Reproduce all lines of the listing below in which the word "types" occurs.

[[ DATA RECORDS open ]]

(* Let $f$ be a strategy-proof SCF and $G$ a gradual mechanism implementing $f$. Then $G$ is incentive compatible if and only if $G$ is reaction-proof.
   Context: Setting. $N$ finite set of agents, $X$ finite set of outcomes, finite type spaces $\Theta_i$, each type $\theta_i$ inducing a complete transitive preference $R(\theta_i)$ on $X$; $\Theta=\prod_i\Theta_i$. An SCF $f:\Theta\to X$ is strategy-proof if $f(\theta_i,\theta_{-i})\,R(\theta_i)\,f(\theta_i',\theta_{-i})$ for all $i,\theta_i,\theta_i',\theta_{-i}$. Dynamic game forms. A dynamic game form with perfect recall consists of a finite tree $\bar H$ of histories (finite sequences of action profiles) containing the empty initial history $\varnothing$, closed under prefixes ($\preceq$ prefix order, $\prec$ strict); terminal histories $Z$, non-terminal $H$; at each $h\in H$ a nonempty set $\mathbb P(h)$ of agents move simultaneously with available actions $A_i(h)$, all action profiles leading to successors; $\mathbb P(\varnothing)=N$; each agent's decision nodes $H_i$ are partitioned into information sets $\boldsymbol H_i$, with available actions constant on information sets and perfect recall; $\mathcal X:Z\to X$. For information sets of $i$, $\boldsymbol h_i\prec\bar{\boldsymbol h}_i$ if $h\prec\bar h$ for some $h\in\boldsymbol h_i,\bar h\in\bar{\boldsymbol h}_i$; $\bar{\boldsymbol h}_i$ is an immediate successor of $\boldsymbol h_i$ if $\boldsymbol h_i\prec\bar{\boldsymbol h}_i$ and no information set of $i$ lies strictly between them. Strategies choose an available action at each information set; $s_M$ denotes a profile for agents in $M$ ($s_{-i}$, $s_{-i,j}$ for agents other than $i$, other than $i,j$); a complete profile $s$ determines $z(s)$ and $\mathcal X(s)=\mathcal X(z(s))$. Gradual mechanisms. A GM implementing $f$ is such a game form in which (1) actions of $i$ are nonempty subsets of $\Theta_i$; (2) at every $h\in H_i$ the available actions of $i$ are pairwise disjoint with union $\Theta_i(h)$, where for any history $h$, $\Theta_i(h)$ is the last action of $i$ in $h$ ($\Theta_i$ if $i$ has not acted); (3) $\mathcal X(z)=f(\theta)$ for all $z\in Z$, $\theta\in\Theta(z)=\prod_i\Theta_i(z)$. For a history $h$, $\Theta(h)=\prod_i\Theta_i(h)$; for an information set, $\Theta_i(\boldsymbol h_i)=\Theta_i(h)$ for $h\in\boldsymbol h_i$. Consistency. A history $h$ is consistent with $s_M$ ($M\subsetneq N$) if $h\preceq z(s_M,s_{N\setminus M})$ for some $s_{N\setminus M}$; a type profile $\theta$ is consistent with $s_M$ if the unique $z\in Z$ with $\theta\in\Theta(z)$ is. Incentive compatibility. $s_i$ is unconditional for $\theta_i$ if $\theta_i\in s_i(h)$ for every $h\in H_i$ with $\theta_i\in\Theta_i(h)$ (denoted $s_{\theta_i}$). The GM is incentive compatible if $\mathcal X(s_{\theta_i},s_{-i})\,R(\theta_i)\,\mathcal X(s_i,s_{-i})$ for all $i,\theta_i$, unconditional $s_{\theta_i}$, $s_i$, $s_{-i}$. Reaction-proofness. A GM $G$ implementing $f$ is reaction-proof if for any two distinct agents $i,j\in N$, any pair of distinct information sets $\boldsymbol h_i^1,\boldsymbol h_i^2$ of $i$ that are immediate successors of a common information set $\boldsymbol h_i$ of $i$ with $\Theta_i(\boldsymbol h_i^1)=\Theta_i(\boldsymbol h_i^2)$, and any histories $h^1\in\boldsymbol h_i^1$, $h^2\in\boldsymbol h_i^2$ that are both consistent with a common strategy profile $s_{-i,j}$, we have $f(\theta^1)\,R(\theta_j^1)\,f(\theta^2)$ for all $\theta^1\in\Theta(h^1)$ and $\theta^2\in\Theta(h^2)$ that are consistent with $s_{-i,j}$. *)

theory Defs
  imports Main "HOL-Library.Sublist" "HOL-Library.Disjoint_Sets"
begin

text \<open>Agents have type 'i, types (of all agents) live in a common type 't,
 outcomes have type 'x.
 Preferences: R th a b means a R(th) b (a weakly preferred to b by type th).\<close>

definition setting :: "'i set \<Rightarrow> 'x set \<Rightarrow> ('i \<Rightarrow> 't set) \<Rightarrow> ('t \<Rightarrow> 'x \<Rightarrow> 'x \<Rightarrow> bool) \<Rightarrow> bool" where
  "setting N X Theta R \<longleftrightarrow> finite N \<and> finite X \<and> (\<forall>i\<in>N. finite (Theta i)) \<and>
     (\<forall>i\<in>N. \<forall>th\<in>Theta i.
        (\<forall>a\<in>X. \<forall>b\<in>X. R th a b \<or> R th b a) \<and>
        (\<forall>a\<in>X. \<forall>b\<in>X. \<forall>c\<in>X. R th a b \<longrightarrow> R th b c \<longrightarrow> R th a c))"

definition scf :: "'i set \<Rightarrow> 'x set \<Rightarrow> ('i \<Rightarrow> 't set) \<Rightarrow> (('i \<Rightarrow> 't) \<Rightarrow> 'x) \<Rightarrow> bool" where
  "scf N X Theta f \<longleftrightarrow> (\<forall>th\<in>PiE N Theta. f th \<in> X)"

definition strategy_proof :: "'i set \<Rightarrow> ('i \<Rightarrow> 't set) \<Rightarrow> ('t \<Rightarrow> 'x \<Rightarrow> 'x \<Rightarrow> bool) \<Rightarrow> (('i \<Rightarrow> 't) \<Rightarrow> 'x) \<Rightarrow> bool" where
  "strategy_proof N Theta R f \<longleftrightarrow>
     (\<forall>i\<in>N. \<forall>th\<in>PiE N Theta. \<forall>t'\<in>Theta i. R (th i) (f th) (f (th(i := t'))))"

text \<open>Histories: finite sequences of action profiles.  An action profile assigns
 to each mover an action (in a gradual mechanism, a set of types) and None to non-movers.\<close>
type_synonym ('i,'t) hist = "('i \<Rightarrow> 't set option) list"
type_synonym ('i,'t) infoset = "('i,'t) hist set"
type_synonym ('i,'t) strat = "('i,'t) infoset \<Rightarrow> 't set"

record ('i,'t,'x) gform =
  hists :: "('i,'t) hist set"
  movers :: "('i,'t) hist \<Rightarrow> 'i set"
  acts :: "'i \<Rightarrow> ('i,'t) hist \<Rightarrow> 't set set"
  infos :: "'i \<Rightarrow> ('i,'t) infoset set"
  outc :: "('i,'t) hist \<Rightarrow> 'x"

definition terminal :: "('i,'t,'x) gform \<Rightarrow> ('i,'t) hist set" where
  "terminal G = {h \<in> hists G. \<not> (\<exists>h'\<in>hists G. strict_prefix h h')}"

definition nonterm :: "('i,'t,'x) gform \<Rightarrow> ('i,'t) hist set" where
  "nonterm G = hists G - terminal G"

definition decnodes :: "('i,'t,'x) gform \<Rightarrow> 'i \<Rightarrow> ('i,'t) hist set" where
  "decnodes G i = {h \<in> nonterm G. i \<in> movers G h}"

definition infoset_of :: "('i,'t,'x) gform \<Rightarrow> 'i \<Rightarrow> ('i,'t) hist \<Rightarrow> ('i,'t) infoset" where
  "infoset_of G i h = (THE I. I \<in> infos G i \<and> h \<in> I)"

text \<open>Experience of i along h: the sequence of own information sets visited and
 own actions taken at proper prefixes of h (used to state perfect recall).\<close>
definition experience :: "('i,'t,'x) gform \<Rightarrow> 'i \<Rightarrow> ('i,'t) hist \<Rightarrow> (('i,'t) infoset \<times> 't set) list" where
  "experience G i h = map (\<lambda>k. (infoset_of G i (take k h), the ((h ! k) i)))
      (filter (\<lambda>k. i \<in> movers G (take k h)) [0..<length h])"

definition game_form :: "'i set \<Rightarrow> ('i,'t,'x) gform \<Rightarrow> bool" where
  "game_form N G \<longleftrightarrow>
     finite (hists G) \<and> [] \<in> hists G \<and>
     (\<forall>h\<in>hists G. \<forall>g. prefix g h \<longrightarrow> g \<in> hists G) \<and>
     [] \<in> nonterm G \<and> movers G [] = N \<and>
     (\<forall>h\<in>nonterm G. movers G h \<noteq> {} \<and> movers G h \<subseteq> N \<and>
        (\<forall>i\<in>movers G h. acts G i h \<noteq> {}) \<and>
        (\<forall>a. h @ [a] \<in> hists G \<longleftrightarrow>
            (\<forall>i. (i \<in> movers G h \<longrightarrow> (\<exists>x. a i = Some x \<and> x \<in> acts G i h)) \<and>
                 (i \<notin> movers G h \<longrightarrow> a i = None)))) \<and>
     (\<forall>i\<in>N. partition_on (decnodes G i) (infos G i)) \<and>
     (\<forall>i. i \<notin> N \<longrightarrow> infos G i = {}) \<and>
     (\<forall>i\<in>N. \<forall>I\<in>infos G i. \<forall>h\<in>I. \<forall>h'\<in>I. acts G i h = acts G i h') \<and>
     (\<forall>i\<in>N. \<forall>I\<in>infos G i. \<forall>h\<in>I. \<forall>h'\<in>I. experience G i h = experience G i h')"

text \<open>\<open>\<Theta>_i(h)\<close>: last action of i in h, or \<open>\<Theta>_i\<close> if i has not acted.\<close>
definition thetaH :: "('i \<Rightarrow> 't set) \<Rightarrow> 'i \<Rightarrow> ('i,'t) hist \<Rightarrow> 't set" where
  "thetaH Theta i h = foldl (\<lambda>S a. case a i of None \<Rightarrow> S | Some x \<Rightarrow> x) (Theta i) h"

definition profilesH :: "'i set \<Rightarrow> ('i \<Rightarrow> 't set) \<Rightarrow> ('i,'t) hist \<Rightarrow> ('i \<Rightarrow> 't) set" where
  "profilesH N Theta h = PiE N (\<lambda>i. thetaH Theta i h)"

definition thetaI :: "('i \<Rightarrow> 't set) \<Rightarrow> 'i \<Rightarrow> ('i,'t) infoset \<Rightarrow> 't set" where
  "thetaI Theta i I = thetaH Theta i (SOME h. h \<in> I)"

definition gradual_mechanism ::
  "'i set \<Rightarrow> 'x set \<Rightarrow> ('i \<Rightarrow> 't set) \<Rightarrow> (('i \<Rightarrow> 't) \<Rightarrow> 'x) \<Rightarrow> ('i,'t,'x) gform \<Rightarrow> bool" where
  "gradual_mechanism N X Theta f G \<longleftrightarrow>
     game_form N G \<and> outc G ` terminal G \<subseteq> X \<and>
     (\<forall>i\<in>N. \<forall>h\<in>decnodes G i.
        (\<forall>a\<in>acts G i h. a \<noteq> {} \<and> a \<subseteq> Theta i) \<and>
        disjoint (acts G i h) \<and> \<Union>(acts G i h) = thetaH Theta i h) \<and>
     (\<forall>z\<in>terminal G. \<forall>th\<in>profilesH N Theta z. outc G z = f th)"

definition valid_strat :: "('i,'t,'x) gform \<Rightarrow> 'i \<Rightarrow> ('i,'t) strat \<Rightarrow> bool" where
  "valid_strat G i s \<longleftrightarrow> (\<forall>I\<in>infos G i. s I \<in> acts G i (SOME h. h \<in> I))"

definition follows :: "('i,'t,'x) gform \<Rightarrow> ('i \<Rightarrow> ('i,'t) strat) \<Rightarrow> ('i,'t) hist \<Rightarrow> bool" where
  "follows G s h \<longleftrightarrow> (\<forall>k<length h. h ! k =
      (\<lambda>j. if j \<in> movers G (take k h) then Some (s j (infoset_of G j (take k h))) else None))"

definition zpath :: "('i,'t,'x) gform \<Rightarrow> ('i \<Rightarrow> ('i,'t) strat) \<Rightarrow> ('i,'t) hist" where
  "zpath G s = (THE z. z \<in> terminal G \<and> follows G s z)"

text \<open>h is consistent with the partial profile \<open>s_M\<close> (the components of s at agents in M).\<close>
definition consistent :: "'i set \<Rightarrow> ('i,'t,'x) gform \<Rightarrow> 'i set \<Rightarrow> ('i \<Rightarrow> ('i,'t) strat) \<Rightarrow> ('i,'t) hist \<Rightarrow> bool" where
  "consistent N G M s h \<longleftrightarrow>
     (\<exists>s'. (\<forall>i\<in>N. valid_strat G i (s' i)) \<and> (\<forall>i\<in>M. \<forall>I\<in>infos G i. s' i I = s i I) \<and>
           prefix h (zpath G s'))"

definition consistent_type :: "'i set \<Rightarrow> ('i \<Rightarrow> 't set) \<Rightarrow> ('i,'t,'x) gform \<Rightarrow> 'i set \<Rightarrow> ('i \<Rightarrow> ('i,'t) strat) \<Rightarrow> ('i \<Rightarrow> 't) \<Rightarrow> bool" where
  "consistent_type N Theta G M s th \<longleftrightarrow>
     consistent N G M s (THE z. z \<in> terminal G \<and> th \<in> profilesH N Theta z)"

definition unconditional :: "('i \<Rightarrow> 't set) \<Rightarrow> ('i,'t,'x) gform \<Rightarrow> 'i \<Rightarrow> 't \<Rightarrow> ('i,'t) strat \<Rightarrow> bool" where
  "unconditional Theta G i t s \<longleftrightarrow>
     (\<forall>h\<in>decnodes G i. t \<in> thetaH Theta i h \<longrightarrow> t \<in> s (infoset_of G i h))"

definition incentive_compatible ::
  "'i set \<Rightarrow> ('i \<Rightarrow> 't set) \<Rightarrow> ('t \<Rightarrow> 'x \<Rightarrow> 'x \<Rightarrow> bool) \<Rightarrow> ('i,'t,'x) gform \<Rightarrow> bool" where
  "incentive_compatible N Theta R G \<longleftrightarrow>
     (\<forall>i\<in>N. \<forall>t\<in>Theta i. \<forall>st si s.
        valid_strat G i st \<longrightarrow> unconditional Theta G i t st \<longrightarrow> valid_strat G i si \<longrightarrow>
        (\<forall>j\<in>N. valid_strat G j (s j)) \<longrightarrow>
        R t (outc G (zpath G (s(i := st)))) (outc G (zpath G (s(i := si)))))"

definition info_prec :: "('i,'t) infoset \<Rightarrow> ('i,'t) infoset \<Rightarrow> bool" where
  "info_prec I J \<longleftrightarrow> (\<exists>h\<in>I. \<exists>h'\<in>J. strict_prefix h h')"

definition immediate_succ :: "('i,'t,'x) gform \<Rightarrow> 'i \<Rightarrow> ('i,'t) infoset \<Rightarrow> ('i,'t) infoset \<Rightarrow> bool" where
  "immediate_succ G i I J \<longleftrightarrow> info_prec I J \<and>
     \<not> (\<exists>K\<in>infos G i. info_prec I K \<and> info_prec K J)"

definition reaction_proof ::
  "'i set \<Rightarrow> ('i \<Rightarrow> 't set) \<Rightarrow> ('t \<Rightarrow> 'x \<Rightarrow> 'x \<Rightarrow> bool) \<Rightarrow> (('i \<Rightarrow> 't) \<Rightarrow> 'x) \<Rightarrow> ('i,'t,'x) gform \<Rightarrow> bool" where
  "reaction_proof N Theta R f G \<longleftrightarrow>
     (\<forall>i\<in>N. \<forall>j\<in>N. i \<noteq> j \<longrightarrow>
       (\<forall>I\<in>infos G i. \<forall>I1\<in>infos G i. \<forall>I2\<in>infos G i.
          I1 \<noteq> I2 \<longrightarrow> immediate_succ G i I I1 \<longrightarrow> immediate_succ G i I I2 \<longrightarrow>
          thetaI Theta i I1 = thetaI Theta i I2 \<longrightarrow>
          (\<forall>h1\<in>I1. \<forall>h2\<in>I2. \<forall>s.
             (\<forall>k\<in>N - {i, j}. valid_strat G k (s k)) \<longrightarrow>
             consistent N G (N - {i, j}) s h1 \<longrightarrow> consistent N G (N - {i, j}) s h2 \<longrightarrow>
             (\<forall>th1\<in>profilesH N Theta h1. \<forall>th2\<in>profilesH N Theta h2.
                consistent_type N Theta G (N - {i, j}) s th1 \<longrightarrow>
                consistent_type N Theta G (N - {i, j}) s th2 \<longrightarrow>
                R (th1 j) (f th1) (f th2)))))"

[[ DATA RECORDS closed ]]

* [RESULT OF THE TASK]:
text \<open>Agents have type 'i, types (of all agents) live in a common type 't,
 to each mover an action (in a gradual mechanism, a set of types) and None to non-movers.\<close>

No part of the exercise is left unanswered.